Work to be completed => Once the line holding "a\<^sub>0 a\<^sub>1) \<subseteq>" is found in the listing below, write it out and each later line exactly, up to and including the one holding "(if k = 0 then".

######

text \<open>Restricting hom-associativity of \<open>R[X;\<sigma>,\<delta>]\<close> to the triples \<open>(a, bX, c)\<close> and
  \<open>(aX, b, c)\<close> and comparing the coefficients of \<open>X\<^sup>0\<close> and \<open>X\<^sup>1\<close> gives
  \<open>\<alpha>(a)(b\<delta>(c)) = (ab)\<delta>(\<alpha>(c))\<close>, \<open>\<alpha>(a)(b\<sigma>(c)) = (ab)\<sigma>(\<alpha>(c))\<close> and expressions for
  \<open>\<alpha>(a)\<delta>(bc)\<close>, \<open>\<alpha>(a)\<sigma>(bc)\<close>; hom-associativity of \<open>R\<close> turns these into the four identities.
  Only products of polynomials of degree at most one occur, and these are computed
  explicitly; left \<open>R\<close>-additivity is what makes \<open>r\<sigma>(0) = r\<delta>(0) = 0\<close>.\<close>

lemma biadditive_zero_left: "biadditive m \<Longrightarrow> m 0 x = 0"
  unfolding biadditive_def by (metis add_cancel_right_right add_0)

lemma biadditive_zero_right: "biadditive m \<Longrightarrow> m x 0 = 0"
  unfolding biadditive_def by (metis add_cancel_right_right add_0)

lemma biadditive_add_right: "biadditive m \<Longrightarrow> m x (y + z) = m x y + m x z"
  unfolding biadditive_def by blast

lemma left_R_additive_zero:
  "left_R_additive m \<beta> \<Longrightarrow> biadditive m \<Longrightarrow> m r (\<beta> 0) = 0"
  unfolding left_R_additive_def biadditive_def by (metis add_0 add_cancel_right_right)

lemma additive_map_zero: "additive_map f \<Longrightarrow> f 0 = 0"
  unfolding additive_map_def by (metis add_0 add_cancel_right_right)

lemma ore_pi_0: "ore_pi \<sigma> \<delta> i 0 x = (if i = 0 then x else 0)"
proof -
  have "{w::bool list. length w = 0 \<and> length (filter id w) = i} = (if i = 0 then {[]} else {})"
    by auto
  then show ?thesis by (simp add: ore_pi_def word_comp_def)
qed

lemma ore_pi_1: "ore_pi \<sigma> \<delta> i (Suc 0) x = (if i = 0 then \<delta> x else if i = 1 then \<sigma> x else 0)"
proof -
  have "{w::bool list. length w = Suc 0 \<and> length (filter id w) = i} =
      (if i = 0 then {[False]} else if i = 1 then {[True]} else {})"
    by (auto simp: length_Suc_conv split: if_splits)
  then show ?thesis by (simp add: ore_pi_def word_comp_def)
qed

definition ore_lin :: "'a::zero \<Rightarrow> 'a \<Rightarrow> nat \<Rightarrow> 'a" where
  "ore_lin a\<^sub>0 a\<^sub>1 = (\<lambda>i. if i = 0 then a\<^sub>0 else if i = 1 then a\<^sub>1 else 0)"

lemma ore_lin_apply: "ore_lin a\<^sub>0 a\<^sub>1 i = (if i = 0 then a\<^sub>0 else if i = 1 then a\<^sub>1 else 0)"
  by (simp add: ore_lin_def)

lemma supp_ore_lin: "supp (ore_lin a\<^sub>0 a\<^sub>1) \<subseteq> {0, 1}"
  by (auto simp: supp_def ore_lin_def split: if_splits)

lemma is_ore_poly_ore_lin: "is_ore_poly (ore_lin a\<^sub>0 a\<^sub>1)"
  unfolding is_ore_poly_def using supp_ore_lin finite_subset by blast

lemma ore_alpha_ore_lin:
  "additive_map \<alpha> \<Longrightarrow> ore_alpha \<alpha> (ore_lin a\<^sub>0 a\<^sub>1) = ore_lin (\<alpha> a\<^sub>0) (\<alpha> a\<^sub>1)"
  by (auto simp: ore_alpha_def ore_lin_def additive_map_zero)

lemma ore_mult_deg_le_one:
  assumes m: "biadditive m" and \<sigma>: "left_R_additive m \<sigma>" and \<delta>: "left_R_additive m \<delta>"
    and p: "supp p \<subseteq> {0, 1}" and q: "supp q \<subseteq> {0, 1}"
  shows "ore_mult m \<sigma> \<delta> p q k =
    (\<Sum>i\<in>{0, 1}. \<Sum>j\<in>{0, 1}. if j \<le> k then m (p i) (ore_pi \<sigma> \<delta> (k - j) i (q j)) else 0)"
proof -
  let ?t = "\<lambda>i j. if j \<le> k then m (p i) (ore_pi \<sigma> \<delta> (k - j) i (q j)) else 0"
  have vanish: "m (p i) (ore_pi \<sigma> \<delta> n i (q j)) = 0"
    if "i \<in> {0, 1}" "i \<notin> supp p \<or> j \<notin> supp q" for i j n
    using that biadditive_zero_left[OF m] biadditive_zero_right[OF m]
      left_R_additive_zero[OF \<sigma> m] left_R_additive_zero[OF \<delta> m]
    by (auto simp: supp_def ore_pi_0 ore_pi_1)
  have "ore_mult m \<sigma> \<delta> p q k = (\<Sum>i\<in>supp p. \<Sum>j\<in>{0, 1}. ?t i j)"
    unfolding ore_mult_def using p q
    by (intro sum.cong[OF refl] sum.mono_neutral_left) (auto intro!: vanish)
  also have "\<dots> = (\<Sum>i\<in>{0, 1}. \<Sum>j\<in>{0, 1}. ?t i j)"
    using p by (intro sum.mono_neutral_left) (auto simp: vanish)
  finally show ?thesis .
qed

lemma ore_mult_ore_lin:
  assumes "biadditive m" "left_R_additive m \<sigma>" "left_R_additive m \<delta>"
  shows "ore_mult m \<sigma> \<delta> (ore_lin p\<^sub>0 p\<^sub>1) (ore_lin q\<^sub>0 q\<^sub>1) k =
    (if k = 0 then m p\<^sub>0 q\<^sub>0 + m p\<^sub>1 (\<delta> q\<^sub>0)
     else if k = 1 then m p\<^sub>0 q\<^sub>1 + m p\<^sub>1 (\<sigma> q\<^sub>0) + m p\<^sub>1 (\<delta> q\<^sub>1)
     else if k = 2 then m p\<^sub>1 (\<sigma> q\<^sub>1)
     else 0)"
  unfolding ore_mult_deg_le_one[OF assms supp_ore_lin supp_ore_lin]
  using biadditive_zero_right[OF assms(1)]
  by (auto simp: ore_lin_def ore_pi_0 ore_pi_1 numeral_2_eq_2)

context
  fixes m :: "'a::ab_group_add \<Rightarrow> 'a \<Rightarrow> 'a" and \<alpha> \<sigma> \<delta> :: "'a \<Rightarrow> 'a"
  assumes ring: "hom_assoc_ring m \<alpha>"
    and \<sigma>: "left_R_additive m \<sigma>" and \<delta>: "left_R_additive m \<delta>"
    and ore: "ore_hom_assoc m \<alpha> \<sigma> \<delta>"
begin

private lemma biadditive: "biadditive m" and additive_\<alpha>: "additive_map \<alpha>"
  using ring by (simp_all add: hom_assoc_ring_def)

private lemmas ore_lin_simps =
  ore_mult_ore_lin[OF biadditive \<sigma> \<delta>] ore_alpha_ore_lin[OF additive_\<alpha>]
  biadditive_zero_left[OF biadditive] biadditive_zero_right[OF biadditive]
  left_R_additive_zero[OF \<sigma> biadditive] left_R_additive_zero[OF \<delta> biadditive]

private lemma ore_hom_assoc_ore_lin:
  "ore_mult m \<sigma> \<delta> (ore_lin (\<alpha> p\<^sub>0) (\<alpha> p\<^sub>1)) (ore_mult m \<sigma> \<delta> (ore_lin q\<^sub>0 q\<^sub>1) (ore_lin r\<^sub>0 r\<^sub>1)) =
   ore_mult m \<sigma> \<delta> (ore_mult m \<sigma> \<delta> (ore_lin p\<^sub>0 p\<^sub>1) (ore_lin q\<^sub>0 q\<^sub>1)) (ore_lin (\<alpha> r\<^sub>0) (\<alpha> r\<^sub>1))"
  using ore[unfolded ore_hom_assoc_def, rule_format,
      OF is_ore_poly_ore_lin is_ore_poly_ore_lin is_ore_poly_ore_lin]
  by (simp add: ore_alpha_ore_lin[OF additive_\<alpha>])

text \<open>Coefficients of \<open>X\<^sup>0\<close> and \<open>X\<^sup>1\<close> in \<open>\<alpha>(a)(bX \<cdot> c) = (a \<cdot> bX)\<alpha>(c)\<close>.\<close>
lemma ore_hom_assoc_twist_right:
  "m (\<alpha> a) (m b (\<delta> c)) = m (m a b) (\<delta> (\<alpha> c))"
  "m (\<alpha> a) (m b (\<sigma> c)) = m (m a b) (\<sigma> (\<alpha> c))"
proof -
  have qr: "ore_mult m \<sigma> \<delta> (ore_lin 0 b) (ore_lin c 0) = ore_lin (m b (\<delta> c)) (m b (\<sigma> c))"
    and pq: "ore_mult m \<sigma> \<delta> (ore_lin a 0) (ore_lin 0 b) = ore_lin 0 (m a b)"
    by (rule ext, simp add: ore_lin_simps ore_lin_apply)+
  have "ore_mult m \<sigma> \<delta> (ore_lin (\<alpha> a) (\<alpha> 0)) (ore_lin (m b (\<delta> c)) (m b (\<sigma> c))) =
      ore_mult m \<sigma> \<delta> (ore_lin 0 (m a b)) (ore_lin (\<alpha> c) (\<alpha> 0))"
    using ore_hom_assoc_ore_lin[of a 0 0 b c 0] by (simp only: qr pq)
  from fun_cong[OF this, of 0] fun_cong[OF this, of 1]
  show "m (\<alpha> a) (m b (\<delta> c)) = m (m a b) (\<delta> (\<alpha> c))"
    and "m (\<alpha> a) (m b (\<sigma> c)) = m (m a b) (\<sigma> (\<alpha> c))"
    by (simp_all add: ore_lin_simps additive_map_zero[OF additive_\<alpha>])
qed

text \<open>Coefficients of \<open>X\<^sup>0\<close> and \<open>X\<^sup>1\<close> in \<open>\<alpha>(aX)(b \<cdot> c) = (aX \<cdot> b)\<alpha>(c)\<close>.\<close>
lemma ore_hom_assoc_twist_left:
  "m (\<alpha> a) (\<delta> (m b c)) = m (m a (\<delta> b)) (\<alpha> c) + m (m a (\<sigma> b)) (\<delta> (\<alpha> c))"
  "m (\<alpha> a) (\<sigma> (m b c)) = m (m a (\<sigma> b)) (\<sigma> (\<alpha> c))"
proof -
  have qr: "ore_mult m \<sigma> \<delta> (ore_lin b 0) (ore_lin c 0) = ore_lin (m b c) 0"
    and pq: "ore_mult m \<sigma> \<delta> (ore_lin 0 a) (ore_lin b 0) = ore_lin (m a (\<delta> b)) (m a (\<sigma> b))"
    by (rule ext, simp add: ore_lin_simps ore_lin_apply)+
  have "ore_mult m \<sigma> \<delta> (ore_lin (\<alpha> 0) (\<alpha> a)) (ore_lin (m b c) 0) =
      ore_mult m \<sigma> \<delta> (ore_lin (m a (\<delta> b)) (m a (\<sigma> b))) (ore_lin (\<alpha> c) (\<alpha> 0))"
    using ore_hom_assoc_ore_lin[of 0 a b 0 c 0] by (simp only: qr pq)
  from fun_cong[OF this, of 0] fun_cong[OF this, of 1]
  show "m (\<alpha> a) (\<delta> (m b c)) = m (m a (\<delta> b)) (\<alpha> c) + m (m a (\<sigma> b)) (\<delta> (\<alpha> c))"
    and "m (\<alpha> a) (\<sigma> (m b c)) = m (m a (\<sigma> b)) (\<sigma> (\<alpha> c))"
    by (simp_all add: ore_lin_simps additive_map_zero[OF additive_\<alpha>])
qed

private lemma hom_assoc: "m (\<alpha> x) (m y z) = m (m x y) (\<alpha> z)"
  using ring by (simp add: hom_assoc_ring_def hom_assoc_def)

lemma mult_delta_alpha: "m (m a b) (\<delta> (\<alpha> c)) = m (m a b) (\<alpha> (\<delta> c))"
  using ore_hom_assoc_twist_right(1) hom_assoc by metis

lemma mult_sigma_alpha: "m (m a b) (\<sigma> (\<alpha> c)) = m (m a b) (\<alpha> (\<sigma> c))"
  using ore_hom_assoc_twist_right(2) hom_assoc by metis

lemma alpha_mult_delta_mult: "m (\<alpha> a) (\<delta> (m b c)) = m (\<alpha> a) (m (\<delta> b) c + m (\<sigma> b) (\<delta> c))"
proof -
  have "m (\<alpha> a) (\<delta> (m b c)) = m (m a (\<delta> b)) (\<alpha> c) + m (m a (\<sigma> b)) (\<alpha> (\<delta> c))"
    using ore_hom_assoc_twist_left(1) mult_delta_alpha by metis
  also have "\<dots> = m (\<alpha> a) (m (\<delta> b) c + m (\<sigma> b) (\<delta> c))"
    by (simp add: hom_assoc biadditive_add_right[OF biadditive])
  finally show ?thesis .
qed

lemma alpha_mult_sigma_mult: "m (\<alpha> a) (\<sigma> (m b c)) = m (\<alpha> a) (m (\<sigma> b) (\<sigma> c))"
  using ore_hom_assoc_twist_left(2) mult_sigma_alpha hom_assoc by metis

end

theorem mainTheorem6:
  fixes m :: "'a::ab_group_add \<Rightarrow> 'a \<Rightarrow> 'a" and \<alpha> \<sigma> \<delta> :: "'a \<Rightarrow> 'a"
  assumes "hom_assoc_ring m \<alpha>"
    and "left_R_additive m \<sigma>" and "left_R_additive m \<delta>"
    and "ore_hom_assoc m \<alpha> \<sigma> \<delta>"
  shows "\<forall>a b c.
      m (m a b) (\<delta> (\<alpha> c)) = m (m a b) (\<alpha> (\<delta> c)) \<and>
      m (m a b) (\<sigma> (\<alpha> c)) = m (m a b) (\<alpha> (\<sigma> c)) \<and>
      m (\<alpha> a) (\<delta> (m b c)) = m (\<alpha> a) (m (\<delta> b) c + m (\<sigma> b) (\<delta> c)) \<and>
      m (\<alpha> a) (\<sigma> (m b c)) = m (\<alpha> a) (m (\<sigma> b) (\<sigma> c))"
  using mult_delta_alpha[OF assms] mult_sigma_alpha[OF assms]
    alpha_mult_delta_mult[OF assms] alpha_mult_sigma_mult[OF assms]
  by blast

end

######

Exercise solution =>
lemma supp_ore_lin: "supp (ore_lin a\<^sub>0 a\<^sub>1) \<subseteq> {0, 1}"
  by (auto simp: supp_def ore_lin_def split: if_splits)

lemma is_ore_poly_ore_lin: "is_ore_poly (ore_lin a\<^sub>0 a\<^sub>1)"
  unfolding is_ore_poly_def using supp_ore_lin finite_subset by blast

lemma ore_alpha_ore_lin:
  "additive_map \<alpha> \<Longrightarrow> ore_alpha \<alpha> (ore_lin a\<^sub>0 a\<^sub>1) = ore_lin (\<alpha> a\<^sub>0) (\<alpha> a\<^sub>1)"
  by (auto simp: ore_alpha_def ore_lin_def additive_map_zero)

lemma ore_mult_deg_le_one:
  assumes m: "biadditive m" and \<sigma>: "left_R_additive m \<sigma>" and \<delta>: "left_R_additive m \<delta>"
    and p: "supp p \<subseteq> {0, 1}" and q: "supp q \<subseteq> {0, 1}"
  shows "ore_mult m \<sigma> \<delta> p q k =
    (\<Sum>i\<in>{0, 1}. \<Sum>j\<in>{0, 1}. if j \<le> k then m (p i) (ore_pi \<sigma> \<delta> (k - j) i (q j)) else 0)"
proof -
  let ?t = "\<lambda>i j. if j \<le> k then m (p i) (ore_pi \<sigma> \<delta> (k - j) i (q j)) else 0"
  have vanish: "m (p i) (ore_pi \<sigma> \<delta> n i (q j)) = 0"
    if "i \<in> {0, 1}" "i \<notin> supp p \<or> j \<notin> supp q" for i j n
    using that biadditive_zero_left[OF m] biadditive_zero_right[OF m]
      left_R_additive_zero[OF \<sigma> m] left_R_additive_zero[OF \<delta> m]
    by (auto simp: supp_def ore_pi_0 ore_pi_1)
  have "ore_mult m \<sigma> \<delta> p q k = (\<Sum>i\<in>supp p. \<Sum>j\<in>{0, 1}. ?t i j)"
    unfolding ore_mult_def using p q
    by (intro sum.cong[OF refl] sum.mono_neutral_left) (auto intro!: vanish)
  also have "\<dots> = (\<Sum>i\<in>{0, 1}. \<Sum>j\<in>{0, 1}. ?t i j)"
    using p by (intro sum.mono_neutral_left) (auto simp: vanish)
  finally show ?thesis .
qed

lemma ore_mult_ore_lin:
  assumes "biadditive m" "left_R_additive m \<sigma>" "left_R_additive m \<delta>"
  shows "ore_mult m \<sigma> \<delta> (ore_lin p\<^sub>0 p\<^sub>1) (ore_lin q\<^sub>0 q\<^sub>1) k =
    (if k = 0 then m p\<^sub>0 q\<^sub>0 + m p\<^sub>1 (\<delta> q\<^sub>0)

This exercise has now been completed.